(* Let $P\in\Delta$ be such that the marginal distribution $p$ of $X$ has full support on $\mathcal X$. Then $\widetilde{UI}(X:Z\setminus Y)=0$ if and only if $Z$ has no unique information about $X$ with respect to $Y$, i.e. if and only if for every finite set $\mathcal A$ and every function $u:\mathcal X\times\mathcal A\to\mathbb R$ one has $R(\kappa,p,u)\ge R(\mu,p,u)$.
   Context: $X,Y,Z$ are random variables with finite state spaces $\mathcal X,\mathcal Y,\mathcal Z$ and joint distribution $P\in\Delta$, where $\Delta$ is the set of probability distributions on $\mathcal X\times\mathcal Y\times\mathcal Z$. $\Delta_P=\{Q\in\Delta: Q(X=x,Y=y)=P(X=x,Y=y)\text{ and }Q(X=x,Z=z)=P(X=x,Z=z)\ \forall x,y,z\}$, and $\widetilde{UI}(X:Z\setminus Y)=\min_{Q\in\Delta_P}MI_Q(X:Z|Y)$ (mutual information computed w.r.t. $Q$). Let $p(x)=P(X=x)$, and let $\kappa(x;y)=P(Y=y|X=x)$, $\mu(x;z)=P(Z=z|X=x)$ be the row-stochastic channel matrices. A decision problem consists of a finite action set $\mathcal A$ and a reward function $u:\mathcal X\times\mathcal A\to\mathbb R$. For a channel $\nu\in[0,1]^{\mathcal X\times\mathcal W}$ (to a finite set $\mathcal W$), the maximal expected reward is $R(\nu,p,u)=\sum_{w\in\mathcal W}\max_{a\in\mathcal A}\sum_{x\in\mathcal X}p(x)\nu(x;w)u(x,a)$, i.e. the expected reward of an agent who observes the output $w$ of the channel and then chooses an action maximizing the posterior expected reward $\sum_x P(X=x|W=w)u(x,a)$. *)

theory Defs
  imports "HOL-Analysis.Analysis"
begin

definition is_dist :: "('x::finite \<Rightarrow> 'y::finite \<Rightarrow> 'z::finite \<Rightarrow> real) \<Rightarrow> bool" where
  "is_dist P \<longleftrightarrow> (\<forall>x y z. 0 \<le> P x y z) \<and> (\<Sum>x\<in>UNIV. \<Sum>y\<in>UNIV. \<Sum>z\<in>UNIV. P x y z) = 1"

definition margXY :: "('x::finite \<Rightarrow> 'y::finite \<Rightarrow> 'z::finite \<Rightarrow> real) \<Rightarrow> 'x \<Rightarrow> 'y \<Rightarrow> real" where
  "margXY P x y = (\<Sum>z\<in>UNIV. P x y z)"

definition margXZ :: "('x::finite \<Rightarrow> 'y::finite \<Rightarrow> 'z::finite \<Rightarrow> real) \<Rightarrow> 'x \<Rightarrow> 'z \<Rightarrow> real" where
  "margXZ P x z = (\<Sum>y\<in>UNIV. P x y z)"

definition margYZ :: "('x::finite \<Rightarrow> 'y::finite \<Rightarrow> 'z::finite \<Rightarrow> real) \<Rightarrow> 'y \<Rightarrow> 'z \<Rightarrow> real" where
  "margYZ P y z = (\<Sum>x\<in>UNIV. P x y z)"

definition margX :: "('x::finite \<Rightarrow> 'y::finite \<Rightarrow> 'z::finite \<Rightarrow> real) \<Rightarrow> 'x \<Rightarrow> real" where
  "margX P x = (\<Sum>y\<in>UNIV. \<Sum>z\<in>UNIV. P x y z)"

definition margY :: "('x::finite \<Rightarrow> 'y::finite \<Rightarrow> 'z::finite \<Rightarrow> real) \<Rightarrow> 'y \<Rightarrow> real" where
  "margY P y = (\<Sum>x\<in>UNIV. \<Sum>z\<in>UNIV. P x y z)"

definition DeltaP :: "('x::finite \<Rightarrow> 'y::finite \<Rightarrow> 'z::finite \<Rightarrow> real) \<Rightarrow> ('x \<Rightarrow> 'y \<Rightarrow> 'z \<Rightarrow> real) set" where
  "DeltaP P = {Q. is_dist Q \<and> margXY Q = margXY P \<and> margXZ Q = margXZ P}"

definition cond_MI :: "('x::finite \<Rightarrow> 'y::finite \<Rightarrow> 'z::finite \<Rightarrow> real) \<Rightarrow> real" where
  "cond_MI Q = (\<Sum>x\<in>UNIV. \<Sum>y\<in>UNIV. \<Sum>z\<in>UNIV.
      if Q x y z = 0 then 0
      else Q x y z * log 2 (Q x y z * margY Q y / (margXY Q x y * margYZ Q y z)))"

text \<open>UI tilde (X : Z \ Y) = min over Delta_P of MI_Q(X:Z|Y) (the minimum exists; written as Inf).\<close>
definition UI_tilde :: "('x::finite \<Rightarrow> 'y::finite \<Rightarrow> 'z::finite \<Rightarrow> real) \<Rightarrow> real" where
  "UI_tilde P = Inf (cond_MI ` DeltaP P)"

definition kappa :: "('x::finite \<Rightarrow> 'y::finite \<Rightarrow> 'z::finite \<Rightarrow> real) \<Rightarrow> 'x \<Rightarrow> 'y \<Rightarrow> real" where
  "kappa P x y = margXY P x y / margX P x"

definition mu :: "('x::finite \<Rightarrow> 'y::finite \<Rightarrow> 'z::finite \<Rightarrow> real) \<Rightarrow> 'x \<Rightarrow> 'z \<Rightarrow> real" where
  "mu P x z = margXZ P x z / margX P x"

definition max_reward :: "'a set \<Rightarrow> ('x::finite \<Rightarrow> 'w::finite \<Rightarrow> real) \<Rightarrow> ('x \<Rightarrow> real) \<Rightarrow> ('x \<Rightarrow> 'a \<Rightarrow> real) \<Rightarrow> real" where
  "max_reward A \<nu> p u = (\<Sum>w\<in>UNIV. Max ((\<lambda>a. \<Sum>x\<in>UNIV. p x * \<nu> x w * u x a) ` A))"

end

theory Submission
  imports Defs
begin

text \<open>Both directions pass through the \<open>(X,Z)\<close>-marginal being a garbling of the \<open>(X,Y)\<close>-marginal.
  If \<open>Q\<close> is in \<open>\<Delta>\<^sub>P\<close>, garbling \<open>Y\<close> by \<open>Q(z|y)\<close> produces the \<open>(X,Z)\<close>-marginal of the Markov chain
  \<open>X - Y - Z\<close> built from \<open>Q\<close>, which is within \<open>L\<^sup>1\<close>-distance \<open>2 \<surd>(ln 2 \<cdot> MI\<^sub>Q(X:Z|Y))\<close> of \<open>P(X,Z)\<close>
  (relative entropy dominates the squared Hellinger distance). Rewards do not increase under
  garbling and are Lipschitz in \<open>L\<^sup>1\<close>, so \<open>R(\<mu>) - R(\<kappa>) \<le> 2 \<parallel>u\<parallel>\<^sub>\<infinity> \<surd>(ln 2 \<cdot> MI\<^sub>Q(X:Z|Y))\<close> for every
  \<open>Q \<in> \<Delta>\<^sub>P\<close>; this quantitative form is needed because the infimum is not known to be attained.
  Conversely, if \<open>P(X,Z)\<close> is a garbling of \<open>P(X,Y)\<close> by a channel \<open>\<lambda>\<close>, then
  \<open>Q(x,y,z) = P(x,y) \<lambda>(y;z)\<close> lies in \<open>\<Delta>\<^sub>P\<close> and is Markov, so \<open>MI\<^sub>Q(X:Z|Y) = 0\<close>; if it is not, a
  hyperplane separating it from the convex hull of the deterministic garblings is a reward
  function on the action set \<open>Z\<close> for which \<open>Z\<close> does strictly better than \<open>Y\<close> (Blackwell).\<close>

definition joint_reward :: "'a set \<Rightarrow> ('x::finite \<Rightarrow> 'w::finite \<Rightarrow> real) \<Rightarrow> ('x \<Rightarrow> 'a \<Rightarrow> real) \<Rightarrow> real" where
  "joint_reward A J u = (\<Sum>w\<in>UNIV. Max ((\<lambda>a. \<Sum>x\<in>UNIV. J x w * u x a) ` A))"

lemma max_reward_eq_joint_reward:
  assumes "\<And>x. p x \<noteq> 0"
  shows "max_reward A (\<lambda>x w. J x w / p x) p u = joint_reward A J u"
  unfolding max_reward_def joint_reward_def using assms by simp

lemma joint_reward_garbling_le:
  fixes J :: "'x::finite \<Rightarrow> 'y::finite \<Rightarrow> real" and lam :: "'y \<Rightarrow> 'z::finite \<Rightarrow> real"
  assumes A: "finite A" "A \<noteq> {}"
    and lam_nonneg: "\<And>y z. lam y z \<ge> 0"
    and lam_sum: "\<And>y. (\<Sum>z\<in>UNIV. lam y z) = 1 \<or> (\<forall>x. J x y = 0)"
  shows "joint_reward A (\<lambda>x z. \<Sum>y\<in>UNIV. J x y * lam y z) u \<le> joint_reward A J u"
proof -
  define M where "M y = Max ((\<lambda>a. \<Sum>x\<in>UNIV. J x y * u x a) ` A)" for y
  have "(\<Sum>x\<in>UNIV. (\<Sum>y\<in>UNIV. J x y * lam y z) * u x a) \<le> (\<Sum>y\<in>UNIV. lam y z * M y)"
    if "a \<in> A" for a z
  proof -
    have "(\<Sum>x\<in>UNIV. (\<Sum>y\<in>UNIV. J x y * lam y z) * u x a) = (\<Sum>y\<in>UNIV. lam y z * (\<Sum>x\<in>UNIV. J x y * u x a))"
      by (simp add: sum_distrib_left sum_distrib_right mult_ac) (rule sum.swap)
    also have "\<dots> \<le> (\<Sum>y\<in>UNIV. lam y z * M y)"
      by (intro sum_mono mult_left_mono lam_nonneg) (auto simp: M_def A that)
    finally show ?thesis .
  qed
  then have "joint_reward A (\<lambda>x z. \<Sum>y\<in>UNIV. J x y * lam y z) u \<le> (\<Sum>z\<in>UNIV. \<Sum>y\<in>UNIV. lam y z * M y)"
    unfolding joint_reward_def using A by (intro sum_mono) (simp add: Max_le_iff)
  also have "\<dots> = (\<Sum>y\<in>UNIV. (\<Sum>z\<in>UNIV. lam y z) * M y)"
    by (subst sum.swap) (simp add: sum_distrib_right)
  also have "\<dots> = (\<Sum>y\<in>UNIV. M y)"
  proof (intro sum.cong refl)
    fix y
    have "M y = 0" if "\<forall>x. J x y = 0"
      using A that by (simp add: M_def image_constant_conv)
    then show "(\<Sum>z\<in>UNIV. lam y z) * M y = M y"
      using lam_sum[of y] by auto
  qed
  finally show ?thesis by (simp add: joint_reward_def M_def)
qed

lemma joint_reward_le_add_l1_dist:
  fixes J J' :: "'x::finite \<Rightarrow> 'w::finite \<Rightarrow> real"
  assumes A: "finite A" "A \<noteq> {}"
    and U: "\<And>x a. a \<in> A \<Longrightarrow> \<bar>u x a\<bar> \<le> U"
  shows "joint_reward A J u \<le> joint_reward A J' u + U * (\<Sum>w\<in>UNIV. \<Sum>x\<in>UNIV. \<bar>J x w - J' x w\<bar>)"
proof -
  have "(\<Sum>x\<in>UNIV. J x w * u x a)
      \<le> Max ((\<lambda>a. \<Sum>x\<in>UNIV. J' x w * u x a) ` A) + U * (\<Sum>x\<in>UNIV. \<bar>J x w - J' x w\<bar>)"
    if a: "a \<in> A" for a w
  proof -
    have "(\<Sum>x\<in>UNIV. J x w * u x a) = (\<Sum>x\<in>UNIV. J' x w * u x a) + (\<Sum>x\<in>UNIV. (J x w - J' x w) * u x a)"
      by (simp add: sum.distrib[symmetric] algebra_simps)
    also have "(\<Sum>x\<in>UNIV. (J x w - J' x w) * u x a) \<le> (\<Sum>x\<in>UNIV. \<bar>J x w - J' x w\<bar> * U)"
    proof (intro sum_mono)
      fix x
      have "(J x w - J' x w) * u x a \<le> \<bar>J x w - J' x w\<bar> * \<bar>u x a\<bar>"
        by (metis abs_ge_self abs_mult)
      also have "\<dots> \<le> \<bar>J x w - J' x w\<bar> * U"
        by (intro mult_left_mono U a) simp
      finally show "(J x w - J' x w) * u x a \<le> \<bar>J x w - J' x w\<bar> * U" .
    qed
    also have "(\<Sum>x\<in>UNIV. J' x w * u x a) \<le> Max ((\<lambda>a. \<Sum>x\<in>UNIV. J' x w * u x a) ` A)"
      using A a by (intro Max_ge) auto
    finally show ?thesis
      by (simp add: sum_distrib_left mult_ac)
  qed
  then have "joint_reward A J u
      \<le> (\<Sum>w\<in>UNIV. Max ((\<lambda>a. \<Sum>x\<in>UNIV. J' x w * u x a) ` A) + U * (\<Sum>x\<in>UNIV. \<bar>J x w - J' x w\<bar>))"
    unfolding joint_reward_def using A by (intro sum_mono) (simp add: Max_le_iff)
  then show ?thesis
    by (simp add: joint_reward_def sum.distrib sum_distrib_left)
qed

-*-*-

## Problem details:
Count each line of the material that includes the string "intro", then give only the total.

## Solved problem:
7